Information »

(* Let $\{\ket{j}\}_{j=0}^{7}$ be the computational basis of three qubits, where $\ket{j}=\ket{j_1j_2j_3}$ with $j=4j_1+2j_2+j_3$, and let $$\ket{\psi_1}=\frac{1}{2\sqrt{2}}\left(\ket{0}+\ket{1}+\ket{2}+\ket{3}+\ket{4}+\ket{5}+\ket{6}-\ket{7}\right),\qquad \rho_1=\ket{\psi_1}\bra{\psi_1}.$$ Denote by $A_1,B_1,C_1$ the first, second and third qubits of $\rho_1$. Then $$D(B_1C_1|A_1)=D(A_1C_1|B_1)=D(A_1B_1|C_1)=D(C_1|A_1B_1)=D(B_1|A_1C_1)=D(A_1|B_1C_1)=-\tfrac{1}{4}\log\tfrac{1}{4}-\tfrac{3}{4}\log\tfrac{3}{4}\approx 0.81.$$
   Context: Logarithms are base 2, and $S(\sigma)=-\mathrm{Tr}(\sigma\log\sigma)$ is the von Neumann entropy. For a state $\rho_{XY}$ on a bipartite system $X\otimes Y$ (here $X$ and $Y$ are complementary groups of the three qubits), the quantum discord with measurement on $X$ is $$D(Y|X)=\min_{\{E_a\}}\sum_a p_a S(\rho_{Y|a})+S(\rho_X)-S(\rho_{XY}),$$ where the minimum is over all POVMs $\{E_a\}$ on $X$ ($E_a\ge 0$, $\sum_a E_a=I$), $p_a=\mathrm{Tr}((E_a\otimes I)\rho_{XY})$, $\rho_{Y|a}=\mathrm{Tr}_X((E_a\otimes I)\rho_{XY})/p_a$, and $\rho_X,\rho_Y$ are reduced states. For example $D(B_1C_1|A_1)$ is the discord of $\rho_1$ viewed as a state on $A_1\otimes (B_1C_1)$ with measurement on $A_1$, and $D(C_1|A_1B_1)$ is the discord with measurement on $A_1B_1$. *)

theory Defs
  imports "Jordan_Normal_Form.Matrix" "Jordan_Normal_Form.Char_Poly"
begin

definition eta :: "real \<Rightarrow> real" where
  "eta x = (if x \<le> 0 then 0 else - x * log 2 x)"

(* von Neumann entropy S(A) = - Tr(A log A) = sum over eigenvalues (with algebraic
   multiplicity, i.e. roots of the characteristic polynomial) of -lambda log2 lambda *)
definition vn_entropy :: "complex mat \<Rightarrow> real" where
  "vn_entropy A = (\<Sum>z\<in>{z. poly (char_poly A) z = 0}.
                      real (order z (char_poly A)) * eta (Re z))"

definition psd :: "nat \<Rightarrow> complex mat \<Rightarrow> bool" where
  "psd d E \<longleftrightarrow> E \<in> carrier_mat d d \<and>
     (\<forall>v \<in> carrier_vec d. Im (\<Sum>i<d. \<Sum>j<d. cnj (v $ i) * E $$ (i, j) * v $ j) = 0
                        \<and> Re (\<Sum>i<d. \<Sum>j<d. cnj (v $ i) * E $$ (i, j) * v $ j) \<ge> 0)"

definition povm :: "nat \<Rightarrow> complex mat list \<Rightarrow> bool" where
  "povm d Es \<longleftrightarrow> (\<forall>E \<in> set Es. psd d E) \<and>
     (\<forall>i<d. \<forall>j<d. (\<Sum>k<length Es. Es ! k $$ (i, j)) = (if i = j then 1 else 0))"
theorem mainTheorem1:
  fixes p :: "'x::polish_space \<Rightarrow> 'a::euclidean_space \<Rightarrow> 'x measure \<Rightarrow> 'x measure"
    and c :: "'x \<Rightarrow> 'a \<Rightarrow> 'x measure \<Rightarrow> real"
    and w :: "'x \<Rightarrow> 'a \<Rightarrow> real"
    and A :: "'a set"
    and DF :: "'x \<Rightarrow> ('x \<Rightarrow> real) \<Rightarrow> 'x measure \<Rightarrow> 'a \<Rightarrow> 'a"
    and \<beta> L1 L2 K1 K2 M \<alpha> \<rho> KF :: real
    and Q :: "'x \<Rightarrow> 'a \<Rightarrow> real"
    and \<mu> :: "'x measure"
  assumes A_compact: "compact A" and A_nonempty: "A \<noteq> {}"
    and beta: "0 < \<beta>" "\<beta> < 1"
    and consts_nonneg: "0 \<le> L1" "0 \<le> L2" "0 \<le> K1" "0 \<le> K2" "0 \<le> KF"
    and w_cont: "continuous_on (UNIV \<times> A) (\<lambda>z. w (fst z) (snd z))"
    and w_ge1: "\<And>x a. a \<in> A \<Longrightarrow> 1 \<le> w x a"
    and p_prob: "\<And>x a \<nu>. a \<in> A \<Longrightarrow> \<nu> \<in> probs \<Longrightarrow> p x a \<nu> \<in> probs"
    and c_nonneg: "\<And>x a \<nu>. a \<in> A \<Longrightarrow> \<nu> \<in> probs \<Longrightarrow> 0 \<le> c x a \<nu>"
    (* Assumption 1(a) *)
    and c_cont: "\<And>xs x as a ms m. (\<forall>n. as n \<in> A) \<Longrightarrow> a \<in> A \<Longrightarrow> (\<forall>n. ms n \<in> probs) \<Longrightarrow> m \<in> probs \<Longrightarrow>
        xs \<longlonglongrightarrow> x \<Longrightarrow> as \<longlonglongrightarrow> a \<Longrightarrow> weak_conv ms m \<Longrightarrow>
        (\<lambda>n. c (xs n) (as n) (ms n)) \<longlonglongrightarrow> c x a m"
    and c_Lip_mu: "\<And>\<nu> \<nu>' x a. \<nu> \<in> probs \<Longrightarrow> \<nu>' \<in> probs \<Longrightarrow> a \<in> A \<Longrightarrow>
        ennreal (\<bar>c x a \<nu> - c x a \<nu>'\<bar> / w x a) \<le> ennreal L1 * W1 \<nu> \<nu>'"
    and c_Lip_x: "\<And>x x' a \<nu>. a \<in> A \<Longrightarrow> \<nu> \<in> probs \<Longrightarrow>
        \<bar>c x a \<nu> - c x' a \<nu>\<bar> \<le> L2 * dist x x'"
    (* Assumption 1(b) *)
    and p_cont: "\<And>xs x as a ms m. (\<forall>n. as n \<in> A) \<Longrightarrow> a \<in> A \<Longrightarrow> (\<forall>n. ms n \<in> probs) \<Longrightarrow> m \<in> probs \<Longrightarrow>
        xs \<longlonglongrightarrow> x \<Longrightarrow> as \<longlonglongrightarrow> a \<Longrightarrow> weak_conv ms m \<Longrightarrow>
        weak_conv (\<lambda>n. p (xs n) (as n) (ms n)) (p x a m)"
    and p_Lip_a_mu: "\<And>x a a' \<nu> \<nu>'. a \<in> A \<Longrightarrow> a' \<in> A \<Longrightarrow> \<nu> \<in> probs \<Longrightarrow> \<nu>' \<in> probs \<Longrightarrow>
        W1 (p x a \<nu>) (p x a' \<nu>') \<le> ennreal K1 * (ennreal (norm (a - a')) + W1 \<nu> \<nu>')"
    and p_Lip_x_a: "\<And>x x' a a' \<nu>. a \<in> A \<Longrightarrow> a' \<in> A \<Longrightarrow> \<nu> \<in> probs \<Longrightarrow>
        W1 (p x a \<nu>) (p x' a' \<nu>) \<le> ennreal K2 * ennreal (dist x x' + norm (a - a'))"
    and betaK2: "\<beta> * K2 < 1"
    (* Assumption 1(c) *)
    and A_convex: "convex A"
    (* Assumption 1(d) *)
    and M_nonneg: "0 \<le> M" and alpha_nonneg: "0 \<le> \<alpha>" and betaalpha: "\<beta> * \<alpha> < 1"
    and c_bound: "\<And>x a \<nu>. a \<in> A \<Longrightarrow> \<nu> \<in> probs \<Longrightarrow> c x a \<nu> \<le> M * w x a"
    and w_drift: "\<And>x a \<nu>. a \<in> A \<Longrightarrow> \<nu> \<in> probs \<Longrightarrow>
        (\<integral>\<^sup>+ y. ennreal (umax A w y) \<partial>(p x a \<nu>)) \<le> ennreal (\<alpha> * w x a)"
    (* Assumption 1(e), with \<xi> = \<beta>; DF is the gradient in a *)
    and rho_pos: "0 < \<rho>"
    and F_diff: "\<And>x v \<nu> a. v \<in> Fclass A w \<beta> L2 K2 M \<alpha> \<Longrightarrow> \<nu> \<in> probs \<Longrightarrow> a \<in> A \<Longrightarrow>
        (Fop c p \<beta> x v \<nu> has_derivative (\<lambda>h. DF x v \<nu> a \<bullet> h)) (at a within A)"
    and F_strongly_convex: "\<And>x v \<nu> a a'. v \<in> Fclass A w \<beta> L2 K2 M \<alpha> \<Longrightarrow> \<nu> \<in> probs \<Longrightarrow>
        a \<in> A \<Longrightarrow> a' \<in> A \<Longrightarrow>
        Fop c p \<beta> x v \<nu> a \<ge> Fop c p \<beta> x v \<nu> a' + DF x v \<nu> a' \<bullet> (a - a') + \<rho> / 2 * (norm (a - a'))\<^sup>2"
    and grad_Lip: "\<And>x x' v v' \<nu> \<nu>' a. v \<in> Fclass A w \<beta> L2 K2 M \<alpha> \<Longrightarrow> v' \<in> Fclass A w \<beta> L2 K2 M \<alpha> \<Longrightarrow>
        \<nu> \<in> probs \<Longrightarrow> \<nu>' \<in> probs \<Longrightarrow> a \<in> A \<Longrightarrow>
        ennreal (norm (DF x v \<nu> a - DF x' v' \<nu>' a))
          \<le> ennreal KF * (ennreal (dist x x') + ennreal (wmax_norm A w (\<lambda>y. v y - v' y)) + W1 \<nu> \<nu>')"
    and Q_in: "Q \<in> Cclass A w \<beta> L2 K2 M \<alpha>"
    and mu_in: "\<mu> \<in> probs"
  shows "(\<forall>x. \<exists>!a. is_minimizer A (Fop c p \<beta> x (umin A Q) \<mu>) a)
         \<and> H1 c p \<beta> A Q \<mu> \<in> Cclass A w \<beta> L2 K2 M \<alpha>
         \<and> H2 c p \<beta> A Q \<mu> \<in> probs
         \<and> wnorm_le A w (H1 c p \<beta> A Q \<mu>) (M / (1 - \<beta> * \<alpha>))
         \<and> (\<forall>x y. \<bar>umin A (H1 c p \<beta> A Q \<mu>) x - umin A (H1 c p \<beta> A Q \<mu>) y\<bar>
                   \<le> (L2 / (1 - \<beta> * K2)) * dist x y)"
proof -
  interpret mfe_operator c p w A DF \<beta> L2 K2 M \<alpha> \<rho> Q \<mu>
    using assms by unfold_locales auto
  have "H1 c p \<beta> A Q \<mu> \<in> Cclass A w \<beta> L2 K2 M \<alpha>"
    by (rule H1_in_Cclass)
  then show ?thesis
    using ex1_minimizer H2_in_probs by (simp add: Fop_Qmin) (simp add: Cclass_def)
qed
lemma deg_Suc_split:
  assumes "deg (w :: 'n::finite \<Rightarrow> nat) = Suc n"
  obtains i w' where "w = w' + unit_exp i" and "deg w' = n"
proof -
  obtain i where "w i > 0"
  proof (rule ccontr)
    assume "\<not> thesis"
    with that have "w = (\<lambda>_. 0)"
      by (auto simp: fun_eq_iff)
    with assms show False
      by (simp add: deg_def)
  qed
  then have w: "w = (w - unit_exp i) + unit_exp i"
    by (auto simp: unit_exp_def fun_eq_iff)
  then have "deg w = deg (w - unit_exp i) + 1"
    by (metis deg_add deg_unit_exp)
  with assms have "deg (w - unit_exp i) = n"
    by simp
  with w show thesis
    by (rule that)
qed

lemma padd_eq_plus: "padd f g = f + g"
  by (simp add: padd_def fun_eq_iff)

lemma pmult_pmonom_left:
  "pmult (pmonom a) F w = (if a \<le> w then F (w - a) else (0::'a::comm_ring_1))"
proof -
  have "pmult (pmonom a) F w = (\<Sum>u\<in>{u. u \<le> w}. if u = a then F (w - a) else 0)"
    unfolding pmult_def pmonom_def by (rule sum.cong) auto
  then show ?thesis
    by (simp add: sum.delta[OF finite_exps_le])
qed

lemma pmult_pmonom_pmonom: "pmult (pmonom a) (pmonom b) = (pmonom (a + b) :: _ \<Rightarrow> 'a::comm_ring_1)"
proof
  fix w
  have "a i \<le> w i \<and> w i - a i = b i \<longleftrightarrow> w i = a i + b i" for i
    by auto
  then have "a \<le> w \<and> w - a = b \<longleftrightarrow> w = a + b"
    by (auto simp: le_fun_def fun_eq_iff)
  then show "pmult (pmonom a) (pmonom b) w = (pmonom (a + b) :: _ \<Rightarrow> 'a) w"
    by (simp only: pmult_pmonom_left) (auto simp: pmonom_def)
qed

lemma fun_diff_eq_iff:
  fixes u w a :: "'n \<Rightarrow> nat"
  assumes "u \<le> w"
  shows "w - u = a \<longleftrightarrow> a \<le> w \<and> u = w - a"
proof -
  have "u i \<le> w i" for i
    using assms by (simp add: le_fun_def)
  then have "w i - u i = a i \<longleftrightarrow> a i \<le> w i \<and> u i = w i - a i" for i
    by (metis diff_diff_cancel diff_le_self)
  then show ?thesis
    by (auto simp: le_fun_def fun_eq_iff)
qed

lemma pmult_pmonom_right:
  "pmult F (pmonom a) w = (if a \<le> w then F (w - a) else (0::'a::comm_ring_1))"
proof -
  have "pmult F (pmonom a) w = (\<Sum>u\<in>{u. u \<le> w}. if u = w - a then (if a \<le> w then F u else 0) else 0)"
    unfolding pmult_def pmonom_def by (rule sum.cong) (auto simp: fun_diff_eq_iff)
  moreover have "w - a \<le> w"
    by (simp add: le_fun_def)
  ultimately show ?thesis
    by (simp add: sum.delta[OF finite_exps_le])
qed

lemma pmult_add_left: "pmult (F + G) H = pmult F H + (pmult G H :: _ \<Rightarrow> 'a::comm_ring_1)"
  by (simp add: pmult_def fun_eq_iff algebra_simps sum.distrib)

lemma pmult_add_right: "pmult H (F + G) = pmult H F + (pmult H G :: _ \<Rightarrow> 'a::comm_ring_1)"
  by (simp add: pmult_def fun_eq_iff algebra_simps sum.distrib)

lemma ppow_pmonom: "ppow (pmonom a) k = (pmonom (\<lambda>i. k * a i) :: _ \<Rightarrow> 'a::comm_ring_1)"
proof (induction k)
  case 0
  then show ?case by (simp add: ppow_def pone_def)
next
  case (Suc k)
  then show ?case
    by (simp add: ppow_def pmult_pmonom_pmonom plus_fun_def)
qed
text \<open>From \<open>inv_trace S \<rho> \<le> p\<close> we get \<open>S\<^sup>2 - \<rho>\<^sup>2 \<ge> 4 S / p \<ge> a\<^sup>2 S\<^sup>2\<close>, a gap between \<open>\<rho>\<close> and \<open>S\<close>
  larger than the loss \<open>1 - cos a \<le> a\<^sup>2/2\<close>.\<close>

lemma radius_lt_cos_mesh:
  assumes "0 \<le> \<rho>" and "\<rho> < S" and "inv_trace S \<rho> \<le> p" and "a\<^sup>2 * p * S \<le> 4"
  shows "\<rho> < S * cos a"
proof -
  have S: "S > 0" and gap: "S\<^sup>2 - \<rho>\<^sup>2 > 0"
    using assms(1,2) by (auto intro!: power_strict_mono)
  have "4 * (a\<^sup>2 * S\<^sup>2 / (S\<^sup>2 - \<rho>\<^sup>2)) = a\<^sup>2 * inv_trace S \<rho> * S"
    unfolding inv_trace_def by (simp add: power2_eq_square)
  also have "\<dots> \<le> a\<^sup>2 * p * S"
    using assms(3) S by (intro mult_right_mono mult_left_mono) auto
  also have "\<dots> \<le> 4"
    by (rule assms(4))
  finally have "a\<^sup>2 * S\<^sup>2 \<le> S\<^sup>2 - \<rho>\<^sup>2"
    using gap by (simp add: pos_divide_le_eq)
  then have "a\<^sup>2 * S * S \<le> (S - \<rho>) * (S + \<rho>)"
    by (simp add: power2_eq_square algebra_simps)
  also have "\<dots> < (S - \<rho>) * (2 * S)"
    using assms(1,2) by (intro mult_strict_left_mono) auto
  finally have "a\<^sup>2 * S < 2 * (S - \<rho>)"
    using S by (simp add: mult.assoc)
  then have "\<rho> < S * (1 - a\<^sup>2 / 2)"
    by (simp add: algebra_simps)
  also have "\<dots> \<le> S * cos a"
    using S cos_ge_one_minus_half_square by (intro mult_left_mono) auto
  finally show ?thesis .
qed

lemma cos_pi_div_le_cos_vartheta:
  assumes "M \<ge> 1"
  shows "\<exists>m<M. cos (pi / real M) \<le> cos (\<theta> - vartheta M m)"
proof -
  have M: "real M > 0" using assms by simp
  define t where "t = (\<theta> * real M / pi - 1) / 2"
  define q where "q = round t"
  define m where "m = nat (q mod int M)"
  define k where "k = q div int M"
  have "0 \<le> q mod int M" "q mod int M < int M"
    using M by simp_all
  then have "m < M" and "int m = q mod int M"
    unfolding m_def by auto
  then have "q = int m + int M * k"
    unfolding k_def by simp
  then have q: "real_of_int q = real m + real M * real_of_int k"
    by (metis of_int_add of_int_mult of_int_of_nat_eq)
  define u where "u = t - of_int q"
  have "2 * pi * of_int (- k) + (\<theta> - vartheta M m) = 2 * u * (pi / real M)"
    unfolding vartheta_def u_def t_def q using M by (simp add: field_simps)
  moreover have "\<bar>u\<bar> \<le> 1 / 2"
    using of_int_round_abs_le[of t] unfolding u_def q_def by (simp add: abs_minus_commute)
  then have "\<bar>2 * u * (pi / real M)\<bar> \<le> pi / real M"
    using M mult_right_mono[of "2 * \<bar>u\<bar>" 1 "pi / real M"] by (simp add: abs_mult)
  ultimately have "\<bar>2 * pi * of_int (- k) + (\<theta> - vartheta M m)\<bar> \<le> pi / real M"
    by simp
  moreover have "pi / real M \<le> pi"
    using assms by (simp add: divide_le_eq)
  ultimately show ?thesis
    using cos_monotone_aux \<open>m < M\<close> by blast
qed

What to produce » What is needed is each line from the records with the word "exists" in it.

Solution to this task »
  shows "(\<forall>x. \<exists>!a. is_minimizer A (Fop c p \<beta> x (umin A Q) \<mu>) a)
  shows "\<exists>m<M. cos (pi / real M) \<le> cos (\<theta> - vartheta M m)"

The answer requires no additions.